BEGIN
(* Let $G\ge 2$ and let $r_{t,1},\dots,r_{t,G}$ be i.i.d. random variables with values in $[0,1]$, having an absolutely continuous distribution with CDF $F$, density $f$, and mean $p_t$. Let $\hat p_t=\frac1G\sum_{i}r_{t,i}$, $\hat A_{t,i}=r_{t,i}-\hat p_t$, $A_{t,i}=r_{t,i}-p_t$. Fix $\sigma\in[0,1]$ and let $S_\sigma:=\{\exists\, i\ne j:\ |r_{t,i}-r_{t,j}|>\sigma\}$, so $S_\sigma^c=\{\max_i r_{t,i}-\min_i r_{t,i}\le\sigma\}$. For $u\in[0,1]$ let $u^+:=\min\{1,u+\sigma\}$, $q(u):=F(u^+)-F(u)$, and, when $q(u)>0$, $m(u):=\mathbb E[r_{t,1}\mid u\le r_{t,1}\le u^+]=\frac{\int_u^{u^+}xf(x)\,dx}{F(u^+)-F(u)}$. Then \[ \mathbb P(S_\sigma^c)=G\int_0^1 f(u)\,q(u)^{G-1}\,du,\qquad \mathbb P(S_\sigma)=1-\mathbb P(S_\sigma^c), \] \[ \mathbb E[\hat p_t\,\mathbf 1_{S_\sigma^c}]=\int_0^1\bigl(u+(G-1)m(u)\bigr)f(u)\,q(u)^{G-1}\,du, \] and, if $\mathbb P(S_\sigma)>0$, \[ \mathbb E[\hat p_t\mid S_\sigma]=\frac{p_t-\mathbb E[\hat p_t\,\mathbf 1_{S_\sigma^c}]}{\mathbb P(S_\sigma)},\qquad \mathbb E[\hat A_{t,i}-A_{t,i}\mid S_\sigma]=p_t-\mathbb E[\hat p_t\mid S_\sigma]\ \text{ for all } i. \]
   Context: Non-binary reward extension of the group-relative setting: $G$ rewards in $[0,1]$ for one prompt, group baseline $\hat p_t$, group-relative advantage $\hat A_{t,i}$, expected advantage $A_{t,i}$; $S_\sigma$ is the "update" event that some two rewards in the group differ by more than $\sigma$. In the integrand, $m(u)$ is only needed where $q(u)>0$ (the integrand vanishes otherwise). *)

theory Defs
  imports "HOL-Probability.Probability"
begin

definition cond_exp_event :: "'a measure \<Rightarrow> ('a \<Rightarrow> real) \<Rightarrow> 'a set \<Rightarrow> real" where
  "cond_exp_event M X S = (\<integral>\<omega>. X \<omega> * indicator S \<omega> \<partial>M) / measure M S"

end

theory Submission
  imports Defs
begin

text \<open>Call \<open>k\<close> a pivot of a sample if \<open>r\<^sub>k\<close> is its minimum (ties broken towards the
  smallest index) and every other value lies in \<open>[r\<^sub>k, r\<^sub>k + \<sigma>]\<close>. The complement of
  \<open>S\<^sub>\<sigma>\<close> is exactly the event that a pivot exists, and the pivot is then unique, so the
  indicator of the complement is the sum over \<open>k\<close> of the indicators that \<open>k\<close> is a pivot.
  Conditionally on the pivot value \<open>u\<close>, the other \<open>G - 1\<close> values are independent and each
  falls into its window with probability \<open>q(u)\<close>, atoms being negligible. Integrating over \<open>u\<close>
  gives the probability of the complement; weighting by the pivot value \<open>u\<close>, or by a
  non-pivot value (conditional mean \<open>m(u)\<close>), gives the expectation of the sample mean on it.\<close>

lemma nn_integral_PiM_pivot:
  fixes D :: "'b measure" and g :: "'b \<Rightarrow> ennreal" and \<psi> :: "'i \<Rightarrow> 'b \<Rightarrow> 'b \<Rightarrow> ennreal"
  assumes "sigma_finite_measure D" and I: "finite I" "k \<in> I"
    and g[measurable]: "g \<in> borel_measurable D"
    and \<psi>[measurable]: "\<And>j. (\<lambda>(u, y). \<psi> j u y) \<in> borel_measurable (D \<Otimes>\<^sub>M D)"
  shows "(\<integral>\<^sup>+x. g (x k) * (\<Prod>j\<in>I - {k}. \<psi> j (x k) (x j)) \<partial>PiM I (\<lambda>_. D))
       = (\<integral>\<^sup>+u. g u * (\<Prod>j\<in>I - {k}. \<integral>\<^sup>+y. \<psi> j u y \<partial>D) \<partial>D)"
proof -
  interpret product_sigma_finite "\<lambda>_. D"
    using assms(1) by (simp add: product_sigma_finite_def)
  have \<psi>_PiM[measurable]: "(\<lambda>x. \<psi> j (x a) (x b)) \<in> borel_measurable (PiM J (\<lambda>_. D))"
    if "a \<in> J" "b \<in> J" for j a b and J :: "'i set"
    using measurable_Pair_compose_split[OF \<psi>, of "\<lambda>x. x a" _ "\<lambda>x. x b"] that by simp
  have I_split: "I = insert k (I - {k})" using I by auto
  have "(\<integral>\<^sup>+x. g (x k) * (\<Prod>j\<in>I - {k}. \<psi> j (x k) (x j)) \<partial>PiM I (\<lambda>_. D))
     = (\<integral>\<^sup>+u. g u * (\<integral>\<^sup>+x. (\<Prod>j\<in>I - {k}. \<psi> j u (x j)) \<partial>PiM (I - {k}) (\<lambda>_. D)) \<partial>D)"
    using I by (subst I_split, subst product_nn_integral_insert_rev)
      (auto intro!: nn_integral_cong prod.cong simp: nn_integral_cmult simp flip: I_split)
  also have "\<dots> = (\<integral>\<^sup>+u. g u * (\<Prod>j\<in>I - {k}. \<integral>\<^sup>+y. \<psi> j u y \<partial>D) \<partial>D)"
  proof (intro nn_integral_cong)
    fix u assume "u \<in> space D"
    then have "\<psi> j u \<in> borel_measurable D" for j
      using measurable_Pair2[OF \<psi>] by simp
    then show "g u * (\<integral>\<^sup>+x. (\<Prod>j\<in>I - {k}. \<psi> j u (x j)) \<partial>PiM (I - {k}) (\<lambda>_. D))
        = g u * (\<Prod>j\<in>I - {k}. \<integral>\<^sup>+y. \<psi> j u y \<partial>D)"
      using I by (simp add: product_nn_integral_prod[of "I - {k}" "\<lambda>j. \<psi> j u"])
  qed
  finally show ?thesis .
qed

definition spread_le :: "real \<Rightarrow> nat \<Rightarrow> (nat \<Rightarrow> real) \<Rightarrow> bool" where
  "spread_le \<sigma> G x \<longleftrightarrow> (\<forall>i<G. \<forall>j<G. \<bar>x i - x j\<bar> \<le> \<sigma>)"

lemma spread_le_iff_no_distant_pair:
  assumes "0 \<le> \<sigma>"
  shows "spread_le \<sigma> G x \<longleftrightarrow> \<not> (\<exists>i<G. \<exists>j<G. i \<noteq> j \<and> \<bar>x i - x j\<bar> > \<sigma>)"
  using assms unfolding spread_le_def by (metis abs_0 diff_self not_less)

lemma pred_spread_le[measurable]: "Measurable.pred (PiM {..<G} (\<lambda>_. borel)) (spread_le \<sigma> G)"
  unfolding spread_le_def by measurable

text \<open>The half-open windows for \<open>j < k\<close> make the pivot the first index at which the minimum
  is attained, so that a sample of spread at most \<open>\<sigma>\<close> has exactly one pivot.\<close>

definition pivot_window :: "real \<Rightarrow> nat \<Rightarrow> nat \<Rightarrow> real \<Rightarrow> real set" where
  "pivot_window \<sigma> k j u = (if j < k then {u<..u + \<sigma>} else {u..u + \<sigma>})"

definition is_pivot :: "real \<Rightarrow> nat \<Rightarrow> (nat \<Rightarrow> real) \<Rightarrow> nat \<Rightarrow> bool" where
  "is_pivot \<sigma> G x k \<longleftrightarrow> k < G \<and> (\<forall>j<G. j \<noteq> k \<longrightarrow> x j \<in> pivot_window \<sigma> k j (x k))"

lemma is_pivot_spread_le:
  assumes "0 \<le> \<sigma>" and "is_pivot \<sigma> G x k"
  shows "spread_le \<sigma> G x"
proof -
  have bounds: "x k \<le> x j \<and> x j \<le> x k + \<sigma>" if "j < G" for j
  proof (cases "j = k")
    case False
    then have "x j \<in> pivot_window \<sigma> k j (x k)"
      using assms(2) that by (simp add: is_pivot_def)
    then show ?thesis
      by (auto simp: pivot_window_def split: if_splits)
  qed (use assms(1) in simp)
  show ?thesis
    unfolding spread_le_def
  proof (intro allI impI)
    fix i j assume "i < G" "j < G"
    with bounds[of i] bounds[of j] show "\<bar>x i - x j\<bar> \<le> \<sigma>"
      by linarith
  qed
qed

lemma is_pivot_unique:
  assumes "is_pivot \<sigma> G x k" and "is_pivot \<sigma> G x k'"
  shows "k = k'"
proof -
  have False if "is_pivot \<sigma> G x k" "is_pivot \<sigma> G x k'" "k < k'" for k k'
  proof -
    have "x k \<in> pivot_window \<sigma> k' k (x k')" and "x k' \<in> pivot_window \<sigma> k k' (x k)"
      using that by (auto simp: is_pivot_def)
    then show False
      using \<open>k < k'\<close> by (simp add: pivot_window_def)
  qed
  then show ?thesis
    using assms by (metis linorder_neqE_nat)
qed

lemma spread_le_imp_ex_pivot:
  assumes "0 < G" and "spread_le \<sigma> G x"
  shows "\<exists>k. is_pivot \<sigma> G x k"
proof -
  define K where "K = {k. k < G \<and> (\<forall>j<G. x k \<le> x j)}"
  have "Min (x ` {..<G}) \<in> x ` {..<G}"
    using assms(1) by (intro Min_in) auto
  then obtain i where i: "i < G" "x i = Min (x ` {..<G})"
    by auto
  then have "i \<in> K"
    unfolding K_def by (auto intro: Min_le)
  define k where "k = (LEAST k. k \<in> K)"
  have k: "k \<in> K"
    unfolding k_def using \<open>i \<in> K\<close> by (rule LeastI)
  have below: "x k < x j" if "j < k" for j
  proof -
    have "j \<notin> K"
      using not_less_Least[of j "\<lambda>k. k \<in> K"] that unfolding k_def by blast
    moreover have "j < G"
      using k that unfolding K_def by simp
    ultimately obtain l where "l < G" "x l < x j"
      unfolding K_def by (auto simp: not_le)
    moreover have "x k \<le> x l"
      using k \<open>l < G\<close> unfolding K_def by blast
    ultimately show ?thesis by linarith
  qed
  have "x j \<in> pivot_window \<sigma> k j (x k)" if "j < G" for j
  proof -
    have "x k \<le> x j" and "\<bar>x j - x k\<bar> \<le> \<sigma>"
      using k that assms(2) unfolding K_def spread_le_def by blast+
    then show ?thesis
      using below[of j] by (auto simp: pivot_window_def)
  qed
  then have "is_pivot \<sigma> G x k"
    using k unfolding is_pivot_def K_def by blast
  then show ?thesis ..
qed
END
__EXERCISE__:
Which lines of the records above hold the word "minimum"? Copy each one out.

__EXERCISE RESPONSE__:
text \<open>Call \<open>k\<close> a pivot of a sample if \<open>r\<^sub>k\<close> is its minimum (ties broken towards the
text \<open>The half-open windows for \<open>j < k\<close> make the pivot the first index at which the minimum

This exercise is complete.